Performance decrease when running 30+ VMs simultaneously
Posted: 31. Jan 2017, 19:12
Hi there,
Let's clear up the host machine first, so you don't think I'm trying some nonsense with a lowcost laptop.
It is a blade server with:
- 2x Xeon E5-2699 v3
- 630 GB RAM (2133 MHz)
Part of the RAM (200 GB) is used as a RamDisk (tmpfs).
Currently I'm using VirtualBox 5.1.8 (r111374)
I have created 2 virtual machines, Win7x86 & Win7x64. They have the same settings:
- 2 CPU cores
- 4 GB RAM
- "paravirtualization interface" set to "legacy", because I've created them in VBox 4.x before
- host-only net adapter
Everything else is left as default.
Each of the machines is link-cloned 40x. All of the 82 machines reside in the RamDisk.
I run and use only the cloned machines.
They are part of a dynamic malware analysis framework called cuckoo ( cuckoosandbox org ), you might've heard of it.
Because of that, the machines are frequently in the cycle of start, poweroff, revert.
Now to the problem - I'm experiencing a significant performance decrease over a few minutes.
At first, when every VM is powered-off and the framework will start them all at once, there is apparently no problem. They run smoothly.
Average time of the "startvm" command is about 7-10 seconds.
A few minutes and a few reverts/starts later, the "startvm" command starts to struggle and the duration goes up to minutes - I've seen 6-10 minutes are not rare.

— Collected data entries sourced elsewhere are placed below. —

lemma precedes_append:
  "precedes (xs @ ys) a b \<longleftrightarrow> precedes xs a b \<or> precedes ys a b \<or> (a \<in> set xs \<and> b \<in> set ys)"
  by (induction xs) (auto dest: precedes_in_set)

lemma precedes_snoc: "precedes (xs @ [x]) a b \<longleftrightarrow> precedes xs a b \<or> (a \<in> set xs \<and> b = x)"
  by (simp add: precedes_append)

lemma precedes_neq: "distinct xs \<Longrightarrow> precedes xs a b \<Longrightarrow> a \<noteq> b"
  by (induction xs) (auto dest: precedes_in_set)

lemma precedes_asym: "distinct xs \<Longrightarrow> precedes xs a b \<Longrightarrow> precedes xs b a \<Longrightarrow> False"
  by (induction xs) (auto dest: precedes_in_set)

lemma precedes_trans: "distinct xs \<Longrightarrow> precedes xs a b \<Longrightarrow> precedes xs b c \<Longrightarrow> precedes xs a c"
  by (induction xs) (auto dest: precedes_in_set)

lemma precedes_total:
  "a \<in> set xs \<Longrightarrow> b \<in> set xs \<Longrightarrow> a \<noteq> b \<Longrightarrow> precedes xs a b \<or> precedes xs b a"
  by (induction xs) auto

text \<open>A list is read from its least to its greatest element; for a vote this means from the
  worst to the best candidate, for an axis from left to right.\<close>

definition order_of_list :: "'a list \<Rightarrow> 'a rel" where
  "order_of_list xs = {(a, b). (a = b \<and> a \<in> set xs) \<or> precedes xs a b}"

lemma order_of_list_strict:
  "distinct xs \<Longrightarrow> ((a, b) \<in> order_of_list xs \<and> a \<noteq> b) \<longleftrightarrow> precedes xs a b"
  unfolding order_of_list_def by (auto dest: precedes_neq)

lemma order_of_list_snoc:
  "order_of_list (xs @ [x]) = order_of_list xs \<union> {(a, x) | a. a \<in> insert x (set xs)}"
  unfolding order_of_list_def by (auto simp: precedes_snoc)

lemma linear_order_on_order_of_list:
  "distinct xs \<Longrightarrow> linear_order_on (set xs) (order_of_list xs)"
  unfolding linear_order_on_def partial_order_on_def preorder_on_def order_of_list_def
    refl_on_def trans_def antisym_on_def total_on_def
  by (auto dest: precedes_in_set precedes_asym precedes_trans precedes_total)

lemma order_of_list_subset: "order_of_list xs \<subseteq> set xs \<times> set xs"
  unfolding order_of_list_def by (auto dest: precedes_in_set)

lemma refl_order_of_list: "(a, a) \<in> order_of_list xs \<longleftrightarrow> a \<in> set xs"
  unfolding order_of_list_def by (auto dest: precedes_in_set)

lemma order_of_list_Cons:
  "order_of_list (x # xs) = {(x, b) | b. b \<in> insert x (set xs)} \<union> order_of_list xs"
  unfolding order_of_list_def by auto

lemma order_of_list_inj:
  assumes "distinct xs" "distinct ys" "order_of_list xs = order_of_list ys"
  shows "xs = ys"
  using assms
proof (induction xs arbitrary: ys)
  case Nil
  then show ?case by (cases ys) (auto simp: order_of_list_def)
next
  case (Cons x xs)
  have set_eq: "set ys = set (x # xs)"
    using Cons.prems(3) by (metis refl_order_of_list subsetI subset_antisym)
  then obtain y ys' where ys: "ys = y # ys'"
    by (cases ys) auto
  have "x = y"
  proof (rule ccontr)
    assume "x \<noteq> y"
    with set_eq ys have "precedes (x # xs) x y" "precedes ys y x"
      by auto
    with Cons.prems show False
      by (metis order_of_list_strict precedes_asym)
  qed
  have drop_head: "order_of_list zs = order_of_list (x # zs) - {x} \<times> UNIV" if "x \<notin> set zs" for zs
    using that order_of_list_subset[of zs] by (auto simp: order_of_list_Cons)
  have "order_of_list xs = order_of_list ys'"
    using drop_head[of xs] drop_head[of ys'] Cons.prems ys \<open>x = y\<close> by simp
  then show ?case
    using Cons ys \<open>x = y\<close> by simp
qed

lemma total_preorder_has_greatest:
  assumes "finite C" "C \<noteq> {}" "total_on C V" "refl_on C V" "trans V"
  shows "\<exists>b\<in>C. \<forall>a\<in>C. (a, b) \<in> V"
  using assms
proof (induction C rule: finite_ne_induct)
  case (singleton x)
  then show ?case by (auto simp: refl_on_def)
next
  case (insert x F)
  then obtain b where b: "b \<in> F" "\<forall>a\<in>F. (a, b) \<in> V"
    by (auto simp: total_on_def refl_on_def)
  show ?case
  proof (cases "(b, x) \<in> V")
    case True
    then show ?thesis using b insert.prems unfolding trans_def refl_on_def by blast
  next
    case False
    with b insert.hyps insert.prems have "(x, b) \<in> V"
      unfolding total_on_def by (metis insertCI)
    then show ?thesis using b by blast
  qed
qed

lemma linear_order_on_remove_greatest:
  assumes "linear_order_on C V" "b \<in> C" "\<forall>a\<in>C. (a, b) \<in> V"
  defines "V' \<equiv> V \<inter> (C - {b}) \<times> (C - {b})"
  shows "linear_order_on (C - {b}) V'" and "V = V' \<union> {(a, b) | a. a \<in> C}"
proof -
  have lo: "V \<subseteq> C \<times> C" "refl_on C V" "trans V" "antisym V" "total_on C V"
    using assms(1) by (auto simp: linear_order_on_def partial_order_on_def preorder_on_def)
  show "linear_order_on (C - {b}) V'"
    using lo unfolding V'_def linear_order_on_def partial_order_on_def preorder_on_def
      refl_on_def trans_def antisym_on_def total_on_def by blast
  have "a = b" if "(b, a) \<in> V" for a
    using that assms(3) lo(1,4) unfolding antisym_on_def by blast
  then show "V = V' \<union> {(a, b) | a. a \<in> C}"
    using lo(1) assms(3) unfolding V'_def by blast
qed

lemma linear_order_on_eq_order_of_list:
  assumes "finite C" "linear_order_on C V"
  shows "\<exists>xs\<in>permutations_of_set C. V = order_of_list xs"
  using assms
proof (induction "card C" arbitrary: C V)
  case 0
  then have "C = {}" "V = {}"
    by (auto simp: linear_order_on_def partial_order_on_def preorder_on_def)
  then show ?case by (simp add: order_of_list_def)
next
  case (Suc n)
  obtain b where b: "b \<in> C" "\<forall>a\<in>C. (a, b) \<in> V"
    using total_preorder_has_greatest[of C V] Suc.hyps(2) Suc.prems
    by (force simp: linear_order_on_def partial_order_on_def preorder_on_def)
  note V' = linear_order_on_remove_greatest[OF Suc.prems(2) b]
  obtain xs where xs: "xs \<in> permutations_of_set (C - {b})" "V \<inter> (C - {b}) \<times> (C - {b}) = order_of_list xs"
    using Suc.hyps Suc.prems(1) b(1) V'(1) by (metis card_Diff_singleton diff_Suc_1 finite_Diff)
  then have "xs @ [b] \<in> permutations_of_set C" "V = order_of_list (xs @ [b])"
    using V'(2) b(1) by (auto simp: permutations_of_set_def order_of_list_snoc)
  then show ?case by blast
qed

lemma bij_betw_order_of_list:
  assumes "finite C"
  shows "bij_betw order_of_list (permutations_of_set C) {V. linear_order_on C V}"
proof (rule bij_betw_imageI)
  show "inj_on order_of_list (permutations_of_set C)"
    by (rule inj_onI) (auto simp: permutations_of_set_def intro: order_of_list_inj)
  show "order_of_list ` permutations_of_set C = {V. linear_order_on C V}"
    using linear_order_on_eq_order_of_list[OF assms]
    by (auto simp: permutations_of_set_def linear_order_on_order_of_list)
qed

section \<open>Single-peakedness as peeling\<close>

fun peels :: "'a list \<Rightarrow> 'a list \<Rightarrow> bool" where
  "peels [] A \<longleftrightarrow> A = []"
| "peels (x # v) A \<longleftrightarrow>
     A \<noteq> [] \<and> ((hd A = x \<and> peels v (tl A)) \<or> (last A = x \<and> peels v (butlast A)))"

lemma peels_Cons_iff: "peels (x # v) A \<longleftrightarrow> (\<exists>A'. (A = x # A' \<or> A = A' @ [x]) \<and> peels v A')"
proof
  assume "peels (x # v) A"
  then show "\<exists>A'. (A = x # A' \<or> A = A' @ [x]) \<and> peels v A'"
    by (metis append_butlast_last_id list.collapse peels.simps(2))
qed auto

lemma peels_rev: "peels v (rev A) \<longleftrightarrow> peels v A"
proof (induction v arbitrary: A)
  case (Cons x v)
  have "(rev A = x # A' \<or> rev A = A' @ [x]) \<longleftrightarrow> (A = rev A' @ [x] \<or> A = x # rev A')" for A'
    by (metis rev.simps(2) rev_rev_ident rev_singleton_conv rev_append)
  then show ?case
    using Cons.IH by (metis peels_Cons_iff rev_rev_ident)
qed simp

definition valley_free :: "'a list \<Rightarrow> 'a list \<Rightarrow> bool" where
  "valley_free v A \<longleftrightarrow> \<not> (\<exists>c1 c2 c3.
     (precedes A c1 c2 \<and> precedes A c2 c3 \<or> precedes A c3 c2 \<and> precedes A c2 c1)
       \<and> precedes v c2 c1 \<and> precedes v c2 c3)"

lemma valley_free_end:
  assumes "valley_free (x # v) A" "distinct A" "x \<in> set A" "set A \<subseteq> insert x (set v)"
  shows "\<exists>A'. A = x # A' \<or> A = A' @ [x]"
proof -
  obtain u w where A: "A = u @ x # w"
    using split_list[OF assms(3)] by blast
  show ?thesis
  proof (cases "u = [] \<or> w = []")
    case False
    then have "last u \<in> set u" "hd w \<in> set w"
      by auto
    then have "last u \<in> set v" "hd w \<in> set v" "precedes A (last u) x" "precedes A x (hd w)"
      using assms(2,4) A by (auto simp: precedes_append)
    with assms(1) show ?thesis
      unfolding valley_free_def by auto
  qed (use A in auto)
qed

lemma valley_free_remove_end:
  assumes "valley_free (x # v) A" "A = x # A' \<or> A = A' @ [x]"
  shows "valley_free v A'"
proof -
  have "precedes A a b" if "precedes A' a b" for a b
    using assms(2) that by (auto simp: precedes_snoc)
  moreover have "precedes (x # v) a b" if "precedes v a b" for a b
    using that by simp
  ultimately show ?thesis
    using assms(1) unfolding valley_free_def by meson
qed

lemma valley_free_add_end:
  assumes "valley_free v A'" "x \<notin> set v" "x \<notin> set A'" "A = x # A' \<or> A = A' @ [x]"
  shows "valley_free (x # v) A"
  unfolding valley_free_def
proof (intro notI, elim exE conjE)
  fix c1 c2 c3
  assume between: "precedes A c1 c2 \<and> precedes A c2 c3 \<or> precedes A c3 c2 \<and> precedes A c2 c1"
    and below: "precedes (x # v) c2 c1" "precedes (x # v) c2 c3"
  show False
  proof (cases "c2 = x")
    case True
    then show False
      using between assms(3,4) by (auto simp: precedes_snoc dest: precedes_in_set)
  next
    case False
    then have "precedes v c2 c1" "precedes v c2 c3"
      using below by auto
    moreover from this have "c1 \<noteq> x" "c3 \<noteq> x"
      using assms(2) by (auto dest: precedes_in_set)
    then have "precedes A' c1 c2 \<and> precedes A' c2 c3 \<or> precedes A' c3 c2 \<and> precedes A' c2 c1"
      using between assms(4) False by (auto simp: precedes_snoc)
    ultimately show False
      using assms(1) unfolding valley_free_def by blast
  qed
qed

lemma valley_free_iff_peels:
  assumes "distinct v" "distinct A" "set v = set A"
  shows "valley_free v A \<longleftrightarrow> peels v A"
  using assms
proof (induction v arbitrary: A)
  case Nil
  then show ?case by (simp add: valley_free_def)
next
  case (Cons x v)
  show ?case
  proof
    assume vf: "valley_free (x # v) A"
    then obtain A' where A': "A = x # A' \<or> A = A' @ [x]"
      using valley_free_end Cons.prems by (metis equalityD2 list.set(2) list.set_intros(1))
    with Cons.prems have "peels v A'"
      by (intro Cons.IH[THEN iffD1] valley_free_remove_end[OF vf]) auto
    with A' show "peels (x # v) A"
      by (auto simp: peels_Cons_iff)
  next
    assume "peels (x # v) A"
    then obtain A' where A': "A = x # A' \<or> A = A' @ [x]" "peels v A'"
      by (metis peels_Cons_iff)
    with Cons.prems show "valley_free (x # v) A"
      by (intro valley_free_add_end[of v A'] Cons.IH[THEN iffD2]) auto
  qed
qed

The count of concurrent running machines drops from 80 to 15 (sometimes even less, like 6).
More strangely, the CPU is literally bored during those long lasting "startvm" commands, as the load is at ~12.
Note that no disk I/O is performed (I'm monitoring it), everything is happening in the RAM.
Another observation I made is that, when I was talking about how the duration of the "startvm" goes up to few minutes, they are all started at once.
For example: 10 machines are running, 50 machines are in the "startvm" state, after a 6 minutes 30 of them are suddenly started.
I have no idea why is this happening. It looks to me like some mutex/lock (in VBoxSVC?) is preventing them to start.
Has anyone else experienced - or, even better, solved - this problem? Or is it a limitation of the VirtualBox? Or is it some bug in the VirtualBox?
If anyone is interested in more details, I'd be pleased to provide them.
Let's clear up the host machine first, so you don't think I'm trying some nonsense with a lowcost laptop.
It is a blade server with:
- 2x Xeon E5-2699 v3
- 630 GB RAM (2133 MHz)
Part of the RAM (200 GB) is used as a RamDisk (tmpfs).
Currently I'm using VirtualBox 5.1.8 (r111374)
I have created 2 virtual machines, Win7x86 & Win7x64. They have the same settings:
- 2 CPU cores
- 4 GB RAM
- "paravirtualization interface" set to "legacy", because I've created them in VBox 4.x before
- host-only net adapter
Everything else is left as default.
Each of the machines is link-cloned 40x. All of the 82 machines reside in the RamDisk.
I run and use only the cloned machines.
They are part of a dynamic malware analysis framework called cuckoo ( cuckoosandbox org ), you might've heard of it.
Because of that, the machines are frequently in the cycle of start, poweroff, revert.
Now to the problem - I'm experiencing a significant performance decrease over a few minutes.
At first, when every VM is powered-off and the framework will start them all at once, there is apparently no problem. They run smoothly.
Average time of the "startvm" command is about 7-10 seconds.
A few minutes and a few reverts/starts later, the "startvm" command starts to struggle and the duration goes up to minutes - I've seen 6-10 minutes are not rare.
The count of concurrent running machines drops from 80 to 15 (sometimes even less, like 6).
More strangely, the CPU is literally bored during those long lasting "startvm" commands, as the load is at ~12.
Note that no disk I/O is performed (I'm monitoring it), everything is happening in the RAM.
Another observation I made is that, when I was talking about how the duration of the "startvm" goes up to few minutes, they are all started at once.
For example: 10 machines are running, 50 machines are in the "startvm" state, after a 6 minutes 30 of them are suddenly started.
I have no idea why is this happening. It looks to me like some mutex/lock (in VBoxSVC?) is preventing them to start.
Has anyone else experienced - or, even better, solved - this problem? Or is it a limitation of the VirtualBox? Or is it some bug in the VirtualBox?
If anyone is interested in more details, I'd be pleased to provide them.